Integration/trapezium rule

Jan 2009
92
1
London
a revision question asks to solve an intergral by trapezium rule which I'm okay with. However the second part of the question doesnt even make any sense to me (Wondering)

Write down the least value of sec x for 0 <= x <= pi/2. hence show that \(\displaystyle
\int_0^a \sqrt{secx } dx > a \) for 0 < a < pi/2

Any ideas?
 

HallsofIvy

MHF Helper
Apr 2005
20,249
7,909
a revision question asks to solve an intergral by trapezium rule which I'm okay with. However the second part of the question doesnt even make any sense to me (Wondering)

Write down the least value of sec x for 0 <= x <= pi/2. hence show that \(\displaystyle
\int_0^a \sqrt{secx } dx > a \) for 0 < a < pi/2

Any ideas?
\(\displaystyle sec(x)= \frac{1}{cos(x)}\) so its least value is 1 over the largest value of cos(x). What is that largest value of cos(x) for x between 0 and \(\displaystyle \pi/2\)?

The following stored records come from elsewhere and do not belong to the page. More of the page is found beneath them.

(* Let $N=1$ and $p>1$. Then the equation $-u''=|u|^{p-1}u+M|u'|^{\frac{2p}{p+1}}$ admits a ground state $u$ if and only if $M\le-\mu^*(1)$. Such a ground state satisfies $u(r)\sim U_{2,M}(r)$ as $r\to\infty$. Furthermore, if $M<-\mu^*(1)$ there exists a positive singular solution $u$ on $(0,\infty)$ which satisfies $u(r)\sim U_{1,M}(r)$ as $r\to0$ and $u(r)\sim U_{2,M}(r)$ as $r\to\infty$.
   Context: A ground state is a nonnegative $u\in C^2([0,\infty))$ with $u'(0)=0$ solving $-u''=|u|^{p-1}u+M|u'|^{\frac{2p}{p+1}}$ on $(0,\infty)$. Let $\mu^*(1)=(p+1)\left(\frac{p+1}{2p}\right)^{\frac{p}{p+1}}$ and $K=-\frac{p+1}{p-1}$. For $M<-\mu^*(1)$ the equation $X^{p-1}+M\left(\frac{2}{p-1}\right)^{\frac{2p}{p+1}}X^{\frac{p-1}{p+1}}-\frac{2K}{p-1}=0$ has exactly two positive roots $X_{1,M}<X_{2,M}$, and for $M=-\mu^*(1)$ a unique positive root, denoted $X_{1,M}=X_{2,M}$. Set $U_{j,M}(r)=X_{j,M}r^{-\frac{2}{p-1}}$. $f\sim g$ means $f/g\to1$. *)

theory Defs
  imports "HOL-Analysis.Analysis" "HOL-Library.Landau_Symbols"
begin

definition mu_star1 :: "real \<Rightarrow> real" where
  "mu_star1 p = (p + 1) * ((p + 1) / (2 * p)) powr (p / (p + 1))"

definition Kc :: "real \<Rightarrow> real" where
  "Kc p = - (p + 1) / (p - 1)"

definition Xeq :: "real \<Rightarrow> real \<Rightarrow> real \<Rightarrow> real" where
  "Xeq p M X = X powr (p - 1) + M * (2 / (p - 1)) powr (2 * p / (p + 1)) * X powr ((p - 1) / (p + 1))
               - 2 * Kc p / (p - 1)"

definition Xroots :: "real \<Rightarrow> real \<Rightarrow> real set" where
  "Xroots p M = {X. X > 0 \<and> Xeq p M X = 0}"

definition X1 :: "real \<Rightarrow> real \<Rightarrow> real" where
  "X1 p M = Inf (Xroots p M)"

definition X2 :: "real \<Rightarrow> real \<Rightarrow> real" where
  "X2 p M = Sup (Xroots p M)"

definition U1 :: "real \<Rightarrow> real \<Rightarrow> real \<Rightarrow> real" where
  "U1 p M r = X1 p M * r powr (- 2 / (p - 1))"

definition U2 :: "real \<Rightarrow> real \<Rightarrow> real \<Rightarrow> real" where
  "U2 p M r = X2 p M * r powr (- 2 / (p - 1))"

definition ground_state :: "real \<Rightarrow> real \<Rightarrow> (real \<Rightarrow> real) \<Rightarrow> bool" where
  "ground_state p M u \<longleftrightarrow>
     (\<exists>u1 u2.
        (\<forall>r\<ge>0. (u has_real_derivative u1 r) (at r within {0..}) \<and>
                (u1 has_real_derivative u2 r) (at r within {0..})) \<and>
        continuous_on {0..} u2 \<and>
        u1 0 = 0 \<and>
        (\<forall>r\<ge>0. u r \<ge> 0) \<and>
        (\<exists>r\<ge>0. u r \<noteq> 0) \<and>
        (\<forall>r>0. - u2 r = \<bar>u r\<bar> powr (p - 1) * u r + M * \<bar>u1 r\<bar> powr (2 * p / (p + 1))))"

definition pos_solution :: "real \<Rightarrow> real \<Rightarrow> (real \<Rightarrow> real) \<Rightarrow> bool" where
  "pos_solution p M u \<longleftrightarrow>
     (\<exists>u1 u2.
        (\<forall>r>0. (u has_real_derivative u1 r) (at r) \<and> (u1 has_real_derivative u2 r) (at r)) \<and>
        continuous_on {0<..} u2 \<and>
        (\<forall>r>0. u r > 0) \<and>
        (\<forall>r>0. - u2 r = \<bar>u r\<bar> powr (p - 1) * u r + M * \<bar>u1 r\<bar> powr (2 * p / (p + 1))))"

end

theory Submission
  imports Defs
begin

(* With a = 2/(p-1), the phase variable s = u'^2 / (2 u^(p+1)) turns the equation into the first
   order equation s' = (u'/u) g(s), where g(s) = -M (2s)^(p/(p+1)) - 1 - (p+1) s. The function g
   is concave with g(0) = -1, and its maximum is nonnegative exactly when M <= -mu*(1). A power
   profile X r^(-a) has constant s, and X solves the algebraic equation iff g vanishes at that s;
   so X_2 corresponds to the smallest zero s_1 of g and X_1 to the largest zero s_2.

   Along a ground state u > 0 and u' < 0, and s increases from s(0) = 0. If g < -delta everywhere,
   s + delta ln u is monotone, which keeps u' below a negative constant, contradicting u > 0;
   hence M <= -mu*(1). Then s increases to s_1, and u^(-1/a) / r tends to sqrt(2 s_1) / a, i.e.
   u ~ U_2 at infinity.

   Conversely, solutions are obtained by quadrature in the phase plane. The ground state comes
   from integrating -ln u and r as functions of t = sqrt s on (-sqrt s_1, sqrt s_1). For
   M < -mu*(1), g > 0 between its zeros, and s can run from s_2 to s_1 while ln(u^(-1/a)) runs
   through the reals; this gives the singular solution with u ~ U_1 at 0 and u ~ U_2 at infinity. *)

lemma powr_le_tangent:
  fixes t x s :: real
  assumes "0 < t" "t < 1" "x > 0" "s \<ge> 0"
  shows "s powr t \<le> x powr t + t * x powr (t - 1) * (s - x)"
proof (cases "s = 0")
  case True
  have "x powr (t - 1) * x = x powr t" using assms by (simp add: powr_diff)
  then show ?thesis using True assms by (simp add: algebra_simps)
next
  case False
  then have "s > 0" using assms by simp
  have "(s/x) powr t * 1 powr (1 - t) \<le> t * (s/x) + (1 - t) * 1"
    by (rule Youngs_inequality_0) (use assms \<open>s > 0\<close> in auto)
  then have "x powr t * (s/x) powr t \<le> x powr t * (t * (s/x) + (1 - t))"
    by (intro mult_left_mono) auto
  moreover have "x powr t * (s/x) powr t = s powr t"
    using assms \<open>s > 0\<close> by (simp add: powr_divide)
  moreover have "x powr t * (t * (s/x) + (1 - t)) = x powr t + t * x powr (t - 1) * (s - x)"
    using assms by (simp add: powr_diff field_simps)
  ultimately show ?thesis by simp
qed

lemma first_crossing:
  fixes f :: "real \<Rightarrow> real"
  assumes "a \<le> b" "continuous_on {a..b} f" "f a < c" "c \<le> f b"
  obtains x where "a < x" "x \<le> b" "f x = c" "\<And>t. a \<le> t \<Longrightarrow> t < x \<Longrightarrow> f t < c"
proof -
  define T where "T = {a..b} \<inter> f -` {c..}"
  have "closed T"
    unfolding T_def by (rule continuous_closed_preimage) (use assms in auto)
  moreover have "bdd_below T" "b \<in> T"
    unfolding T_def using assms by auto
  ultimately have x: "Inf T \<in> T" and least: "\<And>t. t \<in> T \<Longrightarrow> Inf T \<le> t"
    using closed_contains_Inf cInf_lower by blast+
  have below: "f t < c" if "a \<le> t" "t < Inf T" for t
    using least[of t] x that unfolding T_def by force
  have "a \<le> Inf T" "c \<le> f (Inf T)" using x unfolding T_def by auto
  then have "a < Inf T" using assms(3) by (cases "Inf T = a") auto
  moreover have "f (Inf T) = c"
  proof (rule ccontr)
    assume "f (Inf T) \<noteq> c"
    then have "c < f (Inf T)" using x unfolding T_def by auto
    moreover have "continuous_on {a..Inf T} f"
      using x unfolding T_def by (auto intro: continuous_on_subset[OF assms(2)])
    ultimately obtain t where "a \<le> t" "t \<le> Inf T" "f t = c"
      using IVT'[of f a c "Inf T"] assms(3) \<open>a < Inf T\<close> by auto
    then show False using below[of t] \<open>c < f (Inf T)\<close> by (cases "t = Inf T") auto
  qed
  ultimately show ?thesis using that x below unfolding T_def by auto
qed

lemma last_crossing:
  fixes f :: "real \<Rightarrow> real"
  assumes "a \<le> b" "continuous_on {a..b} f" "c \<le> f a" "f b < c"
  obtains x where "a \<le> x" "x < b" "f x = c" "\<And>t. x < t \<Longrightarrow> t \<le> b \<Longrightarrow> f t < c"
proof -
  define T where "T = {a..b} \<inter> f -` {c..}"
  have "closed T"
    unfolding T_def by (rule continuous_closed_preimage) (use assms in auto)
  moreover have "bdd_above T" "a \<in> T"
    unfolding T_def using assms by auto
  ultimately have x: "Sup T \<in> T" and greatest: "\<And>t. t \<in> T \<Longrightarrow> t \<le> Sup T"
    using closed_contains_Sup cSup_upper by blast+
  have above: "f t < c" if "Sup T < t" "t \<le> b" for t
    using greatest[of t] x that unfolding T_def by force
  have "Sup T \<le> b" "c \<le> f (Sup T)" using x unfolding T_def by auto
  then have "Sup T < b" using assms(4) by (cases "Sup T = b") auto
  moreover have "f (Sup T) = c"
  proof (rule ccontr)
    assume "f (Sup T) \<noteq> c"
    then have "c < f (Sup T)" using x unfolding T_def by auto
    moreover have "continuous_on {Sup T..b} f"
      using x unfolding T_def by (auto intro: continuous_on_subset[OF assms(2)])
    ultimately obtain t where "Sup T \<le> t" "t \<le> b" "f t = c"
      using IVT2'[of f b c "Sup T"] assms(4) \<open>Sup T < b\<close> by auto
    then show False using above[of t] \<open>c < f (Sup T)\<close> by (cases "t = Sup T") auto
  qed
  ultimately show ?thesis using that x above unfolding T_def by auto
qed

lemma gronwall_zero_forward:
  fixes E E' :: "real \<Rightarrow> real"
  assumes "a \<le> b" "C \<ge> 0" "continuous_on {a..b} E"
    and "\<And>t. a < t \<Longrightarrow> t < b \<Longrightarrow> (E has_real_derivative E' t) (at t)"
    and "\<And>t. a < t \<Longrightarrow> t < b \<Longrightarrow> E' t \<le> C * E t"
    and "E a = 0" "E b \<ge> 0"
  shows "E b = 0"
proof -
  have "E b * exp (- C * b) \<le> E a * exp (- C * a)"
  proof (rule DERIV_nonpos_imp_decreasing_open[OF assms(1)])
    fix t assume t: "a < t" "t < b"
    have "((\<lambda>t. E t * exp (- C * t)) has_real_derivative (E' t - C * E t) * exp (- C * t)) (at t)"
      by (auto intro!: derivative_eq_intros assms(4) t simp: algebra_simps)
    moreover have "(E' t - C * E t) * exp (- C * t) \<le> 0"
      using assms(5)[OF t] by (simp add: mult_nonpos_nonneg)
    ultimately show "\<exists>y. ((\<lambda>t. E t * exp (- C * t)) has_real_derivative y) (at t) \<and> y \<le> 0"
      by blast
  qed (intro continuous_intros assms(3))
  then show ?thesis using assms(6,7) by (simp add: mult_le_0_iff)
qed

Once you have m= least value of sec(x), m, say, then \(\displaystyle \int_0^a \sqrt{sec(x)}dx\ge \int_0^a \sqrt{m}dx= \sqrt{m}\int_0^adx= a\sqrt{m}\).
 
Jan 2009
92
1
London
The highest value of cosine is 1 which occurs at zero. But I still dont get what is happening here?

sorry
 
Jan 2009
92
1
London
Integration query

I understand that cos 0 will give the highest value (1) and sec 0 will be 1. But what now? I just dont understand.

Any ideas??